Comment by cindy heer (Inactive) [ 31/Jan/12 ]

I will leave the oss (hyerion-agb27) down for further examination unless I hear otherwise.

Comment by Andreas Dilger [ 03/Feb/12 ]

Cindy, thanks for posting the e2fsck output. Looking at the blocks that are duplicate allocated:

e-agb27: Multiply-claimed block(s) in inode 1769473: 4747954688
e-agb27: Multiply-claimed block(s) in inode 1769474: 4747984896 4747984897 4747984898
e-agb27: Multiply-claimed block(s) in inode 1769475: 4747988992 4747990016 4747990017
e-agb27: Multiply-claimed block(s) in inode 1769476: 4747986944 4747987968 4747987969

These are all beyond the 2^32 block limit (4747986944 = 0x11b008800) so it may be that this problem relates to overflow of 32-bit block numbers somewhere in the IO stack. If you have the logs from the previous e2fsck runs that showed corruption, it would be useful to know if the type of corruption always the same or not (attaching a few e2fsck logs would be useful). I have a suspicion based on this one log that it may relate to corruption of the block bitmap during the previous journal recovery or e2fsck (possibly due to 2^32-block truncation) which later causes the blocks to be allocated twice.

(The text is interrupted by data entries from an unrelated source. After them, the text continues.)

lemma card_I_set_stat:
  "card {(n, p) \<in> I_set. ncyc 1 p n = a \<and> ncyc 2 p n = b}
     = count_invol231 (a + 2 * b) (\<lambda>x y. x = a \<and> y = b)"
proof -
  let ?n = "a + 2 * b"
  let ?A = "{p \<in> invol231 ?n. nfix ?n p = a \<and> nexc ?n p = b}"
  have "{(n, p) \<in> I_set. ncyc 1 p n = a \<and> ncyc 2 p n = b} = Pair ?n ` ?A"
  proof (intro equalityI subsetI)
    fix z assume "z \<in> {(n, p) \<in> I_set. ncyc 1 p n = a \<and> ncyc 2 p n = b}"
    then obtain n p where z: "z = (n, p)" "p \<in> invol231 n" "ncyc 1 p n = a" "ncyc 2 p n = b"
      by (auto simp: I_set_eq_Sigma)
    then show "z \<in> Pair ?n ` ?A"
      using invol231_stats[OF z(2)] by auto
  next
    fix z assume "z \<in> Pair ?n ` ?A"
    then obtain p where z: "z = (?n, p)" "p \<in> invol231 ?n" "nfix ?n p = a" "nexc ?n p = b"
      by auto
    then show "z \<in> {(n, p) \<in> I_set. ncyc 1 p n = a \<and> ncyc 2 p n = b}"
      using invol231_stats[OF z(2)] by (simp add: I_set_eq_Sigma)
  qed
  then show ?thesis
    by (simp add: count_invol231_def card_image inj_on_def)
qed

definition num_invol231 :: "nat \<Rightarrow> nat \<Rightarrow> nat" where
  "num_invol231 a b = count_invol231 (a + 2 * b) (\<lambda>x y. x = a \<and> y = b)"

lemma num_invol231_rec:
  "real (num_invol231 a b)
     = (if a = 0 then 0 else real (num_invol231 (a - 1) b))
       + 2 * (if b = 0 then 0 else real (num_invol231 a (b - 1)))
       + (if a = 0 \<and> b = 0 then 1 else 0) - (if a = 0 \<and> b = 1 then 1 else 0)"
proof -
  have base: "num_invol231 0 0 = 1"
    by (simp add: num_invol231_def count_invol231_0)
  consider "a = 0 \<and> b = 0" | "a = 1 \<and> b = 0" | m where "a + 2 * b = Suc (Suc m)"
  proof (cases "a + 2 * b")
    case (Suc n)
    show ?thesis
    proof (cases n)
      case 0
      then have "a = 1 \<and> b = 0" using Suc by presburger
      then show ?thesis using that(2) by blast
    qed (use Suc that(3) in blast)
  qed (use that(1) in auto)
  then show ?thesis
  proof cases
    case 1
    then show ?thesis using base by simp
  next
    case 2
    then show ?thesis
      using base count_invol231_1[of "\<lambda>x y. x = 1 \<and> y = 0"] by (simp add: num_invol231_def)
  next
    case (3 m)
    have fix_step: "count_invol231 (Suc m) (\<lambda>x y. Suc x = a \<and> y = b)
        = (if a = 0 then 0 else num_invol231 (a - 1) b)"
      using 3 by (cases a) (simp_all add: num_invol231_def count_invol231_def)
    have exc_step: "count_invol231 m (\<lambda>x y. x = a \<and> Suc y = b)
        = (if b = 0 then 0 else num_invol231 a (b - 1))"
      using 3 by (cases b) (simp_all add: num_invol231_def count_invol231_def)
    have "m = 0 \<and> b \<noteq> 0 \<longleftrightarrow> a = 0 \<and> b = 1" using 3 by auto
    then show ?thesis
      using count_invol231_Suc_Suc[of m "\<lambda>x y. x = a \<and> y = b"] fix_step exc_step base 3
      by (auto simp: num_invol231_def)
  qed
qed

lemma i_gf_nth_nth: "i_gf $ b $ a = real (num_invol231 a b)"
  by (simp only: i_gf_def fps_nth_Abs_fps card_I_set_stat num_invol231_def)
lemma lower_degree_form_not_in_ideal:
  assumes "\<forall>f\<in>set fs. homogeneous d f" "homogeneous e g" "e < d" "g \<noteq> 0"
  shows "g \<notin> ideal_gen V fs"
proof
  assume "g \<in> ideal_gen V fs"
  then obtain a where g: "g = (\<Sum>j<length fs. a j * fs ! j)"
    by (auto simp: ideal_gen_def)
  obtain m where m: "m \<in> Poly_Mapping.keys g"
    using assms(4) by (metis keys_eq_empty ex_in_conv)
  moreover have "Poly_Mapping.keys g \<subseteq> (\<Union>j\<in>{..<length fs}. Poly_Mapping.keys (a j * fs ! j))"
    unfolding g by (rule keys_sum)
  ultimately obtain j where j: "j < length fs" "m \<in> Poly_Mapping.keys (a j * fs ! j)"
    by auto
  then obtain m1 m2 where "m = m1 + m2" and "m2 \<in> Poly_Mapping.keys (fs ! j)"
    using keys_mult[of "a j" "fs ! j"] by blast
  moreover have "mdeg m2 = d"
    using assms(1) nth_mem[OF j(1)] \<open>m2 \<in> Poly_Mapping.keys (fs ! j)\<close> by (simp add: homogeneous_def)
  ultimately have "d \<le> mdeg m"
    by (simp add: mdeg_add)
  moreover have "mdeg m = e"
    using assms(2) m by (simp add: homogeneous_def)
  ultimately show False
    using assms(3) by simp
qed

section \<open>Invertible matrices in codimension-2 subspaces\<close>

definition sarrus :: "(nat \<Rightarrow> nat \<Rightarrow> 'a::comm_ring_1) \<Rightarrow> 'a" where
  "sarrus A = A 0 0 * A 1 1 * A 2 2 + A 1 0 * A 2 1 * A 0 2 + A 2 0 * A 0 1 * A 1 2
     - A 0 0 * A 2 1 * A 1 2 - A 1 0 * A 0 1 * A 2 2 - A 2 0 * A 1 1 * A 0 2"

lemma det3_eq_sarrus: "det3 A = sarrus A"
proof -
  have three: "{..<3::nat} = insert 0 (insert 1 {2})" by auto
  have ins1: "finite (insert (1::nat) {2})" "(0::nat) \<notin> insert 1 {2}"
    and ins2: "finite {2::nat}" "(1::nat) \<notin> {2}"
    by auto
  show ?thesis
    unfolding det3_def three sum_over_permutations_insert[OF ins1] sum_over_permutations_insert[OF ins2]
      permutes_sing sarrus_def
    by (simp add: sign_swap_id permutation_swap_id sign_compose transpose_def algebra_simps)
qed
(* Let $I=[a,b]$ be a compact interval, $P,\tilde P:I\to\mathbb{R}^{n\times m}$ continuous with $\mathrm{rank}(P(s))=n$ for all $s\in I$, and $\Omega=c+G\mathbf{B}_p$ with $c\in\mathbb{R}^m$, $G\in\mathbb{R}^{m\times p}$, $\mathrm{rank}(G)=m$. Put $P_d(s)=\tilde P(s)-P(s)$ and assume $\sup_{s\in I}\|P_d(s)c\|\le\inf_{s\in I}\|P(s)G\|_l$. Then $$\Bigl(\int_I\tilde P(s)\,\mathrm{d}s\Bigr)(c+\alpha G\mathbf{B}_p)\subseteq\int_IP(s)\Omega\,\mathrm{d}s$$ for every $\alpha\in[0,\gamma_m]$, where $$\gamma_m=\frac{\inf_{s\in I}\|P(s)G\|_l-\sup_{s\in I}\|P_d(s)c\|}{\inf_{s\in I}\|P(s)G\|_l+\sup_{s\in I}\|P_d(s)G\|}.$$
   Context: A norm $\|\cdot\|$ is fixed on each $\mathbb{R}^k$, $\mathbf{B}_k$ is its closed unit ball, and matrices carry induced operator norms. For $M\in\mathbb{R}^{n\times m}\setminus\{0\}$, $\|M\|_l=\max\{\mu\in\mathbb{R}:\ \forall y\in\mathrm{col}(M)\ \exists x \text{ with } Mx=y,\ \mu\|x\|\le\|y\|\}$. Set-valued integral: $\int_IF(s)W\,\mathrm{d}s=\bigcup_w\int_IF(s)w(s)\,\mathrm{d}s$, the union over all Lebesgue measurable $w:I\to W$. *)

theory Defs
  imports "HOL-Analysis.Analysis"
begin

text \<open>An arbitrary norm on a real vector space (the paper fixes an arbitrary norm on each R^k).\<close>
definition is_norm :: "('a::real_vector \<Rightarrow> real) \<Rightarrow> bool" where
  "is_norm N \<longleftrightarrow> (\<forall>x. 0 \<le> N x) \<and> (\<forall>x. N x = 0 \<longleftrightarrow> x = 0)
     \<and> (\<forall>r x. N (r *\<^sub>R x) = \<bar>r\<bar> * N x) \<and> (\<forall>x y. N (x + y) \<le> N x + N y)"

definition unit_ball :: "('a \<Rightarrow> real) \<Rightarrow> 'a set" where
  "unit_ball N = {x. N x \<le> 1}"

definition op_norm :: "(real^'n \<Rightarrow> real) \<Rightarrow> (real^'m \<Rightarrow> real) \<Rightarrow> real^'n^'m \<Rightarrow> real" where
  "op_norm Nx Ny M = Sup {Ny (M *v x) | x. Nx x \<le> 1}"

definition lower_norm :: "(real^'n \<Rightarrow> real) \<Rightarrow> (real^'m \<Rightarrow> real) \<Rightarrow> real^'n^'m \<Rightarrow> real" where
  "lower_norm Nx Ny M = Sup {\<mu>. \<forall>y \<in> range (\<lambda>x. M *v x). \<exists>x. M *v x = y \<and> \<mu> * Nx x \<le> Ny y}"

definition set_integral_mat :: "real set \<Rightarrow> (real \<Rightarrow> real^'m^'n) \<Rightarrow> (real^'m) set \<Rightarrow> (real^'n) set" where
  "set_integral_mat I F W =
     {integral I (\<lambda>s. F s *v w s) | w. w \<in> borel_measurable (lebesgue_on I) \<and> (\<forall>s\<in>I. w s \<in> W)}"

end

theory Submission
  imports Defs
begin

text \<open>
  Let L, \<sigma>c, \<sigma>G be the infimum and the two suprema in the statement, fix s, a point u of the
  unit ball, and put y = c + \<alpha> G u. Then \<parallel>(Pt s - P s) y\<parallel> \<le> \<sigma>c + \<alpha> \<sigma>G, so by the definition of the
  lower norm (Pt s - P s) y = P s G v for some v with L \<parallel>v\<parallel> \<le> \<sigma>c + \<alpha> \<sigma>G. The bound on \<alpha> is exactly
  what makes \<parallel>\<alpha> u + v\<parallel> \<le> 1, hence Pt s y = P s (c + G (\<alpha> u + v)) lies in P s \<Omega>.
  To integrate, these pointwise solutions must be chosen measurably in s. For each k the minimiser
  over \<Omega> of k \<parallel>P s w - Pt s y\<parallel> + \<parallel>w\<parallel>^2 is unique, hence continuous in s, and as k \<rightarrow> \<infinity> these
  minimisers converge to the solution in \<Omega> of least Euclidean norm.
\<close>

lemma is_normD:
  assumes "is_norm N"
  shows is_norm_nonneg: "0 \<le> N x" and is_norm_eq_0: "N x = 0 \<longleftrightarrow> x = 0"
    and is_norm_scaleR: "N (r *\<^sub>R x) = \<bar>r\<bar> * N x" and is_norm_triangle: "N (x + y) \<le> N x + N y"
  using assms unfolding is_norm_def by auto

lemma is_norm_zero: "is_norm N \<Longrightarrow> N 0 = 0"
  using is_norm_eq_0 by blast

lemma is_norm_pos: "is_norm N \<Longrightarrow> x \<noteq> 0 \<Longrightarrow> 0 < N x"
  using is_norm_nonneg is_norm_eq_0 by (metis order_le_less)

lemma is_norm_diff: "is_norm N \<Longrightarrow> N x - N y \<le> N (x - y)"
  using is_norm_triangle[of N "x - y" y] by simp

lemma is_norm_combination:
  "is_norm N \<Longrightarrow> 0 \<le> r \<Longrightarrow> N (r *\<^sub>R x + y) \<le> r * N x + N y"
  using is_norm_triangle[of N "r *\<^sub>R x" y] is_norm_scaleR[of N r x] by simp

lemma is_norm_sum:
  assumes "is_norm N"
  shows "N (sum f S) \<le> (\<Sum>i\<in>S. N (f i))"
proof (induction S rule: infinite_finite_induct)
  case (insert x F)
  then show ?case using is_norm_triangle[OF assms, of "f x" "sum f F"] by simp
qed (simp_all add: is_norm_zero[OF assms])

lemma is_norm_le_norm:
  fixes N :: "'a::euclidean_space \<Rightarrow> real"
  assumes "is_norm N"
  shows "N x \<le> (\<Sum>b\<in>Basis. N b) * norm x"
proof -
  have "N x = N (\<Sum>b\<in>Basis. (x \<bullet> b) *\<^sub>R b)" by (simp add: euclidean_representation)
  also have "\<dots> \<le> (\<Sum>b\<in>Basis. N ((x \<bullet> b) *\<^sub>R b))" by (rule is_norm_sum[OF assms])
  also have "\<dots> = (\<Sum>b\<in>Basis. \<bar>x \<bullet> b\<bar> * N b)" by (simp add: is_norm_scaleR[OF assms])
  also have "\<dots> \<le> (\<Sum>b\<in>Basis. norm x * N b)"
    by (intro sum_mono mult_right_mono Basis_le_norm is_norm_nonneg[OF assms]) simp
  finally show ?thesis by (simp add: sum_distrib_left mult.commute)
qed

lemma is_norm_lipschitz:
  fixes N :: "'a::euclidean_space \<Rightarrow> real"
  assumes "is_norm N"
  shows "(\<Sum>b\<in>Basis. N b)-lipschitz_on S N"
proof (rule lipschitz_onI)
  fix x y
  show "dist (N x) (N y) \<le> (\<Sum>b\<in>Basis. N b) * dist x y"
    using is_norm_diff[OF assms, of x y] is_norm_diff[OF assms, of y x]
      is_norm_le_norm[OF assms, of "x - y"] is_norm_le_norm[OF assms, of "y - x"]
    by (simp add: dist_norm dist_real_def abs_le_iff norm_minus_commute)
qed (intro sum_nonneg is_norm_nonneg[OF assms])

lemma is_norm_continuous_on:
  fixes N :: "'a::euclidean_space \<Rightarrow> real"
  shows "is_norm N \<Longrightarrow> continuous_on S N"
  using is_norm_lipschitz lipschitz_on_continuous_on by blast

lemma is_norm_ge_norm:
  fixes N :: "'a::euclidean_space \<Rightarrow> real"
  assumes "is_norm N"
  obtains k where "k > 0" "\<And>x. k * norm x \<le> N x"
proof -
  have "sphere (0::'a) 1 \<noteq> {}"
    using nonempty_Basis by (auto simp: ex_in_conv[symmetric] intro!: norm_Basis)
  then obtain x0 where x0: "x0 \<in> sphere 0 1" "\<forall>y\<in>sphere 0 1. N x0 \<le> N y"
    using continuous_attains_inf[OF compact_sphere _ is_norm_continuous_on[OF assms]] by blast
  have "N x0 * norm x \<le> N x" for x
  proof (cases "x = 0")
    case False
    then have "N x0 \<le> N (inverse (norm x) *\<^sub>R x)" using x0 by simp
    also have "\<dots> = N x / norm x" by (simp add: is_norm_scaleR[OF assms] field_simps)
    finally show ?thesis using False by (simp add: field_simps)
  qed (simp add: is_norm_zero[OF assms])
  moreover have "N x0 > 0" using x0 by (intro is_norm_pos[OF assms]) auto
  ultimately show ?thesis using that by blast
qed

lemma bounded_is_norm_sublevel:
  fixes N :: "'a::euclidean_space \<Rightarrow> real"
  assumes "is_norm N"
  shows "bounded {x. N x \<le> r}"
proof -
  obtain k where k: "k > 0" "\<And>x. k * norm x \<le> N x" using is_norm_ge_norm[OF assms] by blast
  have "{x. N x \<le> r} \<subseteq> cball 0 (r / k)"
    using k by (force simp: field_simps intro: order_trans)
  then show ?thesis using bounded_cball bounded_subset by blast
qed

lemma compact_unit_ball:
  fixes N :: "'a::euclidean_space \<Rightarrow> real"
  assumes "is_norm N"
  shows "compact (unit_ball N)"
  unfolding unit_ball_def compact_eq_bounded_closed
  by (intro conjI bounded_is_norm_sublevel closed_Collect_le assms
      is_norm_continuous_on continuous_on_const)

lemma convex_unit_ball:
  assumes "is_norm N"
  shows "convex (unit_ball N)"
proof (rule convexI)
  fix x y and u v :: real
  assume "x \<in> unit_ball N" "y \<in> unit_ball N" "0 \<le> u" "0 \<le> v" "u + v = 1"
  then show "u *\<^sub>R x + v *\<^sub>R y \<in> unit_ball N"
    using is_norm_combination[OF assms, of u x "v *\<^sub>R y"] is_norm_scaleR[OF assms, of v y]
    by (auto simp: unit_ball_def intro: order_trans[OF _ convex_bound_le])
qed

lemma is_norm_attains_inf:
  fixes N :: "'a::euclidean_space \<Rightarrow> real"
  assumes "is_norm N" "closed S" "x1 \<in> S"
  obtains x0 where "x0 \<in> S" "\<And>x. x \<in> S \<Longrightarrow> N x0 \<le> N x"
proof -
  let ?K = "S \<inter> {x. N x \<le> N x1}"
  have "compact ?K" unfolding compact_eq_bounded_closed
    using assms bounded_is_norm_sublevel[OF assms(1)]
    by (auto intro!: bounded_Int closed_Int closed_Collect_le is_norm_continuous_on continuous_intros)
  moreover have "?K \<noteq> {}" using assms(3) by blast
  ultimately obtain x0 where "x0 \<in> ?K" "\<forall>x\<in>?K. N x0 \<le> N x"
    using continuous_attains_inf is_norm_continuous_on[OF assms(1)] by metis
  then show ?thesis using that by force
qed
(* For each finite set $\tau\subseteq\mathbb{S}$ of source labels, the set of graphs $\mathcal{G}^\tau_{\mathrm{gen}}$ is context-free.
   Context: Fix a countably infinite set $\mathbb{S}$ of source labels and a set $\mathbb{A}$ of edge labels with arities $\ge1$. Graphs of sort $\tau$ are isomorphism classes of finite $\mathbb{A}$-labelled hypergraphs with an injective map from $\tau$ into the vertices (sources). HR operations: constants $\mathbf{0}_\tau$ (sources only) and $\mathbf{a}_{(s_1,\ldots,s_{\#a})}$ (single $a$-edge on the $s_i$-sources); unary $\mathsf{restrict}_\tau$ (forget source labels outside $\tau$), $\mathsf{rename}_\alpha$ ($\alpha$ a finite permutation of $\mathbb{S}$, relabelling sources), binary $\parallel$ (disjoint union fusing equally labelled sources). $\mathcal{G}^\tau_{\mathrm{gen}}$ is the set of values of ground terms using only $\mathbf{0}_{\tau'}$ ($\tau'\subseteq\tau$), $\mathbf{a}_{(s_1,\ldots)}$ ($s_i\in\tau$), $\mathsf{restrict}_{\tau'}$ ($\tau'\subseteq\tau$), $\mathsf{rename}_\alpha$ ($\alpha$ fixing all elements outside $\tau$) and $\parallel$. A grammar is a finite set of rules $U\to t$ with $U$ a nonterminal and $t$ a term over HR operations whose variables are nonterminals; a set of graphs is context-free if it is the component of some nonterminal in the least solution of a grammar (terms evaluated on sets by lifting). *)

theory Defs
  imports Main "HOL-Library.Countable"
begin

text \<open>Graphs in the paper are isomorphism classes; here a "set of graphs" is
  represented by an isomorphism-closed set of concrete well-formed graphs.
  The sort of a graph is dom (src G).\<close>

record ('s, 'a) hgraph =
  verts :: "nat set"
  edges :: "nat set"
  elab  :: "nat \<Rightarrow> 'a"
  att   :: "nat \<Rightarrow> nat list"
  src   :: "'s \<Rightarrow> nat option"

definition wf_graph :: "('a \<Rightarrow> nat) \<Rightarrow> ('s, 'a) hgraph \<Rightarrow> bool" where
  "wf_graph ar G \<longleftrightarrow> finite (verts G) \<and> finite (edges G)
     \<and> (\<forall>e\<in>edges G. set (att G e) \<subseteq> verts G \<and> length (att G e) = ar (elab G e))
     \<and> finite (dom (src G)) \<and> inj_on (src G) (dom (src G)) \<and> ran (src G) \<subseteq> verts G"

definition graph_iso :: "('s, 'a) hgraph \<Rightarrow> ('s, 'a) hgraph \<Rightarrow> bool" where
  "graph_iso G H \<longleftrightarrow> (\<exists>f g. bij_betw f (verts G) (verts H) \<and> bij_betw g (edges G) (edges H)
     \<and> (\<forall>e\<in>edges G. elab H (g e) = elab G e \<and> att H (g e) = map f (att G e))
     \<and> (\<forall>s. src H s = map_option f (src G s)))"

definition iso_closure :: "('a \<Rightarrow> nat) \<Rightarrow> ('s, 'a) hgraph set \<Rightarrow> ('s, 'a) hgraph set" where
  "iso_closure ar X = {H. wf_graph ar H \<and> (\<exists>G\<in>X. graph_iso G H)}"

definition restrict_g :: "'s set \<Rightarrow> ('s, 'a) hgraph \<Rightarrow> ('s, 'a) hgraph" where
  "restrict_g \<tau> G = G\<lparr>src := src G |` \<tau>\<rparr>"

text \<open>Renaming: the source labelled s becomes labelled \<alpha> s.\<close>
definition rename_g :: "('s \<Rightarrow> 's) \<Rightarrow> ('s, 'a) hgraph \<Rightarrow> ('s, 'a) hgraph" where
  "rename_g \<alpha> G = G\<lparr>src := (\<lambda>s. src G (inv \<alpha> s))\<rparr>"

text \<open>Parallel composition: disjoint union (G on even numbers, H on odd numbers),
  fusing sources with equal labels (an H-source with label s that is also a G-source
  is identified with the G-source).\<close>
definition par_g :: "('s, 'a) hgraph \<Rightarrow> ('s, 'a) hgraph \<Rightarrow> ('s, 'a) hgraph" where
  "par_g G H =
    (let hv = (\<lambda>v. if (\<exists>s. src H s = Some v \<and> src G s \<noteq> None)
                   then 2 * the (src G (THE s. src H s = Some v)) else 2 * v + 1)
     in \<lparr>verts = (\<lambda>v. 2 * v) ` verts G \<union> hv ` verts H,
         edges = (\<lambda>e. 2 * e) ` edges G \<union> (\<lambda>e. 2 * e + 1) ` edges H,
         elab = (\<lambda>e. if even e then elab G (e div 2) else elab H (e div 2)),
         att = (\<lambda>e. if even e then map (\<lambda>v. 2 * v) (att G (e div 2)) else map hv (att H (e div 2))),
         src = (\<lambda>s. case src G s of Some v \<Rightarrow> Some (2 * v) | None \<Rightarrow> map_option hv (src H s))\<rparr>)"

datatype ('s, 'a, 'n) hrterm =
    Zero "'s set"
  | EdgeC 'a "'s list"
  | Restrict "'s set" "('s, 'a, 'n) hrterm"
  | Rename "'s \<Rightarrow> 's" "('s, 'a, 'n) hrterm"
  | Par "('s, 'a, 'n) hrterm" "('s, 'a, 'n) hrterm"
  | NT 'n

definition finite_perm :: "('s \<Rightarrow> 's) \<Rightarrow> bool" where
  "finite_perm \<alpha> \<longleftrightarrow> bij \<alpha> \<and> finite {s. \<alpha> s \<noteq> s}"

fun valid_term :: "('a \<Rightarrow> nat) \<Rightarrow> ('s, 'a, 'n) hrterm \<Rightarrow> bool" where
  "valid_term ar (Zero \<tau>) = finite \<tau>"
| "valid_term ar (EdgeC a ss) = (length ss = ar a)"
| "valid_term ar (Restrict \<tau> t) = (finite \<tau> \<and> valid_term ar t)"
| "valid_term ar (Rename \<alpha> t) = (finite_perm \<alpha> \<and> valid_term ar t)"
| "valid_term ar (Par t u) = (valid_term ar t \<and> valid_term ar u)"
| "valid_term ar (NT U) = True"

fun eval_term :: "('a \<Rightarrow> nat) \<Rightarrow> ('n \<Rightarrow> ('s, 'a) hgraph set) \<Rightarrow> ('s, 'a, 'n) hrterm
                    \<Rightarrow> ('s, 'a) hgraph set" where
  "eval_term ar \<nu> (Zero \<tau>) =
     {G. wf_graph ar G \<and> dom (src G) = \<tau> \<and> edges G = {} \<and> verts G = ran (src G)}"
| "eval_term ar \<nu> (EdgeC a ss) =
     {G. wf_graph ar G \<and> dom (src G) = set ss \<and> verts G = ran (src G)
         \<and> (\<exists>e. edges G = {e} \<and> elab G e = a \<and> att G e = map (\<lambda>s. the (src G s)) ss)}"
| "eval_term ar \<nu> (Restrict \<tau> t) = iso_closure ar (restrict_g \<tau> ` eval_term ar \<nu> t)"
| "eval_term ar \<nu> (Rename \<alpha> t) = iso_closure ar (rename_g \<alpha> ` eval_term ar \<nu> t)"
| "eval_term ar \<nu> (Par t u) =
     iso_closure ar {par_g G H | G H. G \<in> eval_term ar \<nu> t \<and> H \<in> eval_term ar \<nu> u}"
| "eval_term ar \<nu> (NT U) = \<nu> U"

definition grammar :: "('a \<Rightarrow> nat) \<Rightarrow> ('n \<times> ('s, 'a, 'n) hrterm) set \<Rightarrow> bool" where
  "grammar ar R \<longleftrightarrow> finite R \<and> (\<forall>(U, t)\<in>R. valid_term ar t)"

definition least_solution :: "('a \<Rightarrow> nat) \<Rightarrow> ('n \<times> ('s, 'a, 'n) hrterm) set
                               \<Rightarrow> 'n \<Rightarrow> ('s, 'a) hgraph set" where
  "least_solution ar R =
     lfp (\<lambda>\<nu> U. \<Union> {eval_term ar \<nu> t | t. (U, t) \<in> R})"

definition context_free :: "('a \<Rightarrow> nat) \<Rightarrow> ('s, 'a) hgraph set \<Rightarrow> bool" where
  "context_free ar X \<longleftrightarrow>
     (\<exists>(R :: (nat \<times> ('s, 'a, nat) hrterm) set) U. grammar ar R \<and> least_solution ar R U = X)"

fun gen_term :: "('a \<Rightarrow> nat) \<Rightarrow> 's set \<Rightarrow> ('s, 'a, 'n) hrterm \<Rightarrow> bool" where
  "gen_term ar \<tau> (Zero \<tau>') = (\<tau>' \<subseteq> \<tau>)"
| "gen_term ar \<tau> (EdgeC a ss) = (set ss \<subseteq> \<tau> \<and> length ss = ar a)"
| "gen_term ar \<tau> (Restrict \<tau>' t) = (\<tau>' \<subseteq> \<tau> \<and> gen_term ar \<tau> t)"
| "gen_term ar \<tau> (Rename \<alpha> t) = (finite_perm \<alpha> \<and> (\<forall>s. s \<notin> \<tau> \<longrightarrow> \<alpha> s = s) \<and> gen_term ar \<tau> t)"
| "gen_term ar \<tau> (Par t u) = (gen_term ar \<tau> t \<and> gen_term ar \<tau> u)"
| "gen_term ar \<tau> (NT U) = False"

Several things can be done to begin debugging this, possibly in parallel:

  • Verify IO integrity for > 16TB LUNs
  • take a > 16TB OST out of service
  • mount it directly with ldiskfs
  • run "llverfs -v -l -c 32 {mountpoint}

    " against the mounted OST filesystem

  • run a full e2fsck to determine if there is any corruption present
  • run the current test, but dump the journal contents before mounting or running e2fsck on the filesystem
  • dumpe2fs $ostdev > $logdir/$ostdev.$(date +%Y%m%d).stats
  • debugfs -c -R "dump <8>" $ostdev > $logdir/$ostdev.$(date +%y%m%d).journal
  • debugfs -c -R "logdump -a" $ostdev > $logdir/$ostdev.$(date +%Y%m%d).logdump
  • e2fsck -fp $ostdev 2>&1 | tee $logdir/$ostdev.$(date +%Y%m%d).e2fsck
  • dumpe2fs $ostdev > $logdir/$ostdev.$(date +%Y%m%d).stats.post
  • format some OSTs to be less than 16TB and try to reproduce the problem again on the NetApp hardware

llverfs is a non-destructive test that will write files until the device is full and then read them back and verify the data contents. It is intended to catch errors in the IO path (filesystem, block layer, HBA, driver, controller) related to 32-bit address truncation, but it is not very fast (may take a couple of days, depending on LUN size and IO rate). If this finds problems, there is a lower-level (filesystem destructive) "llverdev" tool that will run against the underlying block device and do a full write/read/verify cycle on the device, excluding the filesystem. I don't have high hopes for this finding a problem, but it is useful to eliminate the chance that there are obvious bugs in the IO stack. We ran full llverdev and llverfs tests previously with a DDN SFA10kE + RHEL5 on a 128TB LUN without problems, but there may be problems with RHEL6, the driver, the controller, etc. in your environment.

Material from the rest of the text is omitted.